Simple Zener Voltage Regulator Circuit

It consists of a current limiting resistor R1 and a voltage regulator tube D1. Ui is the input voltage; Uo is the output voltage, that is, the voltage Vz across the Zener tube (the circuit is in parallel). The circuit in this example can be used as a reference voltage source, and can also be used alone as a voltage regulator circuit with a fixed output voltage and a small load current, which has strong practicability.

Its voltage regulation principle is as follows:

When the load resistance remains unchanged and the input voltage Ui increases (or the input voltage remains unchanged, the load resistance RL increases), the output voltage Uo will rise, so that the reverse voltage of the Zener tube D1 will increase slightly, and then flow through the stable The current of the pressure tube D1 increases, so the current flowing through the resistor R1 will increase, and the voltage drop on the current limiting resistor R1 will become larger, so that most of the voltage drop of the Ui increment is consumed on R1, so that the output voltage Uo is basically stay the same.

Conversely, when the load resistance remains unchanged and the input voltage Ui decreases (or the input voltage remains unchanged and the load resistance RL decreases), the output voltage Uo will drop, so that the reverse voltage of the Zener tube D1 will also drop, and the flow through the stable The reverse current of the pressure tube D1 also drops slightly, so the current flowing through the resistor R1 will decrease, and the voltage drop across the current limiting resistor R1 will become smaller, so the voltage of Uo will rise again, so after stabilization, the voltage Uo is still basically stay the same.

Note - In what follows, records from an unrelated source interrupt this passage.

lemma complex_mat_of_carrier [simp]: "complex_mat_of (A :: real^'n^'n) \<in> carrier_mat CARD('n) CARD('n)"
  by (simp add: carrier_matI)

lemma complex_mat_of_matpow:
  fixes A :: "real^'n^'n"
  shows "complex_mat_of (matpow A k) = complex_mat_of A ^\<^sub>m k"
proof (induction k)
  case 0
  show ?case
    by (rule eq_matI)
      (auto simp: complex_mat_of_def Finite_Cartesian_Product.mat_def from_nat_into_UNIV_eq_iff)
next
  case (Suc k)
  show ?case
  proof (rule eq_matI)
    fix i j assume "i < dim_row (complex_mat_of A ^\<^sub>m Suc k)" "j < dim_col (complex_mat_of A ^\<^sub>m Suc k)"
    hence ij: "i < CARD('n)" "j < CARD('n)" by auto
    have "(complex_mat_of A ^\<^sub>m Suc k) $$ (i, j)
        = (\<Sum>l<CARD('n). complex_mat_of (matpow A k) $$ (i, l) * complex_mat_of A $$ (l, j))"
      using ij by (simp add: Suc scalar_prod_def atLeast0LessThan)
    also have "\<dots> = complex_of_real (\<Sum>l<CARD('n). matpow A k $ from_nat_into UNIV i $ from_nat_into UNIV l
                                          * A $ from_nat_into UNIV l $ from_nat_into UNIV j)"
      using ij by (simp add: complex_mat_of_def)
    also have "\<dots> = complex_mat_of (matpow A (Suc k)) $$ (i, j)"
      using ij sum.card_from_nat_into[of "\<lambda>b. matpow A k $ from_nat_into UNIV i $ b
                                              * A $ b $ from_nat_into UNIV j" "UNIV :: 'n set"]
      by (simp add: complex_mat_of_def matrix_matrix_mult_def)
    finally show "complex_mat_of (matpow A (Suc k)) $$ (i, j) = (complex_mat_of A ^\<^sub>m Suc k) $$ (i, j)"
      by simp
  qed (simp_all add: complex_mat_of_def)
qed

lemma complex_mat_of_Euler_step:
  "complex_mat_of (Finite_Cartesian_Product.mat 1 + h *\<^sub>R A)
     = 1\<^sub>m CARD('n) + complex_of_real h \<cdot>\<^sub>m complex_mat_of (A :: real^'n^'n)"
  by (rule eq_matI)
    (auto simp: complex_mat_of_def Finite_Cartesian_Product.mat_def from_nat_into_UNIV_eq_iff)

lemma hurwitz_eigenvalue_complex_mat_of:
  fixes M :: "real^'n^'n"
  assumes H: "hurwitz M" and ev: "eigenvalue (complex_mat_of M) \<mu>"
  shows "Re \<mu> < 0"
proof -
  obtain v where v: "v \<in> carrier_vec CARD('n)" "v \<noteq> 0\<^sub>v CARD('n)" "complex_mat_of M *\<^sub>v v = \<mu> \<cdot>\<^sub>v v"
    using ev unfolding eigenvalue_def eigenvector_def by auto
  define w :: "complex^'n" where "w = (\<chi> a. vec_index v (to_nat_on UNIV a))"
  have "w \<noteq> 0"
  proof
    assume "w = 0"
    hence "vec_index v i = 0" if "i < CARD('n)" for i
      using that Finite_Cartesian_Product.vec_eq_iff[of w 0]
      by (metis to_nat_on_from_nat_into_UNIV vec_lambda_beta w_def zero_index)
    hence "v = 0\<^sub>v CARD('n)" using v(1) by (intro eq_vecI) auto
    with v(2) show False ..
  qed
  moreover have "(\<chi> a b. complex_of_real (M $ a $ b)) *v w = \<mu> *s w"
  proof (subst Finite_Cartesian_Product.vec_eq_iff, intro allI)
    fix a :: 'n
    have "((\<chi> a b. complex_of_real (M $ a $ b)) *v w) $ a
        = (\<Sum>l<CARD('n). complex_of_real (M $ a $ from_nat_into UNIV l) * w $ from_nat_into UNIV l)"
      using sum.card_from_nat_into[of "\<lambda>b. complex_of_real (M $ a $ b) * w $ b" "UNIV :: 'n set"]
      by (simp add: matrix_vector_mult_def)
    also have "\<dots> = (\<Sum>l<CARD('n). complex_of_real (M $ a $ from_nat_into UNIV l) * vec_index v l)"
      by (intro sum.cong) (simp_all add: w_def)
    also have "\<dots> = vec_index (complex_mat_of M *\<^sub>v v) (to_nat_on UNIV a)"
      using v(1) by (simp add: complex_mat_of_def scalar_prod_def atLeast0LessThan)
    finally show "((\<chi> a b. complex_of_real (M $ a $ b)) *v w) $ a = (\<mu> *s w) $ a"
      using v by (simp add: w_def)
  qed
  ultimately show ?thesis using H unfolding hurwitz_def by blast
qed

lemma hurwitz_Euler_step_power_decay:
  fixes M :: "real^'n^'n"
  assumes "hurwitz M"
  shows "\<exists>h>0. \<exists>r c. 0 < r \<and> r < 1 \<and>
    (\<forall>k a b. \<bar>matpow (Finite_Cartesian_Product.mat 1 + h *\<^sub>R M) k $ a $ b\<bar> \<le> c * r ^ k)"
proof -
  obtain h where h: "h > 0"
    and sr: "spectral_radius (1\<^sub>m CARD('n) + complex_of_real h \<cdot>\<^sub>m complex_mat_of M) < 1"
    using spectral_radius_Euler_step_less_1[OF complex_mat_of_carrier zero_less_card_finite
        hurwitz_eigenvalue_complex_mat_of[OF assms]] by blast
  let ?B = "Finite_Cartesian_Product.mat 1 + h *\<^sub>R M"
  obtain r c where r: "0 < r" "r < 1"
    and bound: "\<And>k i j. i < CARD('n) \<Longrightarrow> j < CARD('n) \<Longrightarrow>
                  cmod ((complex_mat_of ?B ^\<^sub>m k) $$ (i, j)) \<le> c * r ^ k"
    using spectral_radius_less_1_power_decay[OF complex_mat_of_carrier zero_less_card_finite
        sr[folded complex_mat_of_Euler_step]] by blast
  have "\<bar>matpow ?B k $ a $ b\<bar> \<le> c * r ^ k" for k a b
    using bound[of "to_nat_on UNIV a" "to_nat_on UNIV b" k]
    unfolding complex_mat_of_matpow[symmetric] by (simp add: complex_mat_of_def)
  with h r show ?thesis by blast
qed

subsection \<open>Discrete Lyapunov sums\<close>

lemma norm_matrix_le_sum_abs: "norm (X :: real^'n^'m) \<le> (\<Sum>a\<in>UNIV. \<Sum>b\<in>UNIV. \<bar>X $ a $ b\<bar>)"
proof -
  have "norm X \<le> (\<Sum>a\<in>UNIV. norm (X $ a))"
    unfolding norm_vec_def by (rule L2_set_le_sum) simp
  also have "\<dots> \<le> (\<Sum>a\<in>UNIV. \<Sum>b\<in>UNIV. \<bar>X $ a $ b\<bar>)"
    by (intro sum_mono norm_le_l1_cart)
  finally show ?thesis .
qed

lemma bounded_linear_inner_matrix_vector: "bounded_linear (\<lambda>A :: real^'n^'m. u \<bullet> (A *v v))"
proof -
  have "linear (\<lambda>A :: real^'n^'m. u \<bullet> (A *v v))"
    by (rule linearI)
      (simp_all add: matrix_vector_mult_add_rdistrib inner_add_right scaleR_matrix_vector_assoc[symmetric])
  thus ?thesis by (simp add: linear_conv_bounded_linear)
qed

lemma inner_transpose_mult_matrix_vector:
  fixes Y :: "real^'n^'m"
  shows "u \<bullet> ((Finite_Cartesian_Product.transpose Y ** Y) *v v) = (Y *v u) \<bullet> (Y *v v)"
proof -
  have "(Finite_Cartesian_Product.transpose Y ** Y) *v v = (Y *v v) v* Y"
    unfolding matrix_vector_mul_assoc[symmetric] by (rule Finite_Cartesian_Product.transpose_matrix_vector)
  hence "u \<bullet> ((Finite_Cartesian_Product.transpose Y ** Y) *v v) = ((Y *v v) v* Y) \<bullet> u"
    by (simp add: inner_commute)
  also have "\<dots> = (Y *v v) \<bullet> (Y *v u)" by (rule dot_lmul_matrix)
  finally show ?thesis by (simp add: inner_commute)
qed

lemma quadratic_form_bounded:
  fixes P :: "real^'n^'n"
  shows "\<exists>K\<ge>1. \<forall>x. x \<bullet> (P *v x) \<le> K * (norm x)\<^sup>2"
proof -
  obtain K where K: "K > 0" "\<And>x. norm (P *v x) \<le> norm x * K"
    using bounded_linear.pos_bounded[OF matrix_vector_mul_bounded_linear[of P]] by blast
  have "x \<bullet> (P *v x) \<le> max 1 K * (norm x)\<^sup>2" for x
  proof -
    have "x \<bullet> (P *v x) \<le> norm x * norm (P *v x)" by (rule norm_cauchy_schwarz)
    also have "\<dots> \<le> norm x * (norm x * max 1 K)"
      by (meson K(2) max.cobounded2 mult_left_mono norm_ge_zero order_trans)
    finally show ?thesis by (simp add: power2_eq_square mult_ac)
  qed
  thus ?thesis by (intro exI[of _ "max 1 K"]) auto
qed

definition lyapunov_sum :: "real^'n^'n \<Rightarrow> real^'n^'n" where
  "lyapunov_sum B = (\<Sum>k. Finite_Cartesian_Product.transpose (matpow B k) ** matpow B k)"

Summary: Whether the amount of change increases or decreases. All will cause changes in the voltage drop of the current limiting resistor R, thereby maintaining the stability of the output.

2. Series voltage regulator circuit

The series voltage regulator circuit is shown in the figure. The transistor VT is an automatic adjustment element. Since the adjustment element is connected in series in the load loop, it is called a series voltage regulator circuit. VD is a Zener diode, which provides a stable base voltage for the adjustment tube VT. R1 is the current limiting resistor of the Zener diode, and RL is the load resistor. Ui is the input voltage, U0 is the output voltage, and IC is the output current.
The selection principle of the voltage regulator tube:

1. The maximum current Izmax that the Zener tube can stabilize should be greater than 1.5 to 3 times the maximum load current ILmax.

2. The input voltage of the voltage regulator circuit is Ui > Uo, generally 2 to 3 times of Uo. The input voltage should not be too large, otherwise the current limiting resistor and Zener tube will be easily burned.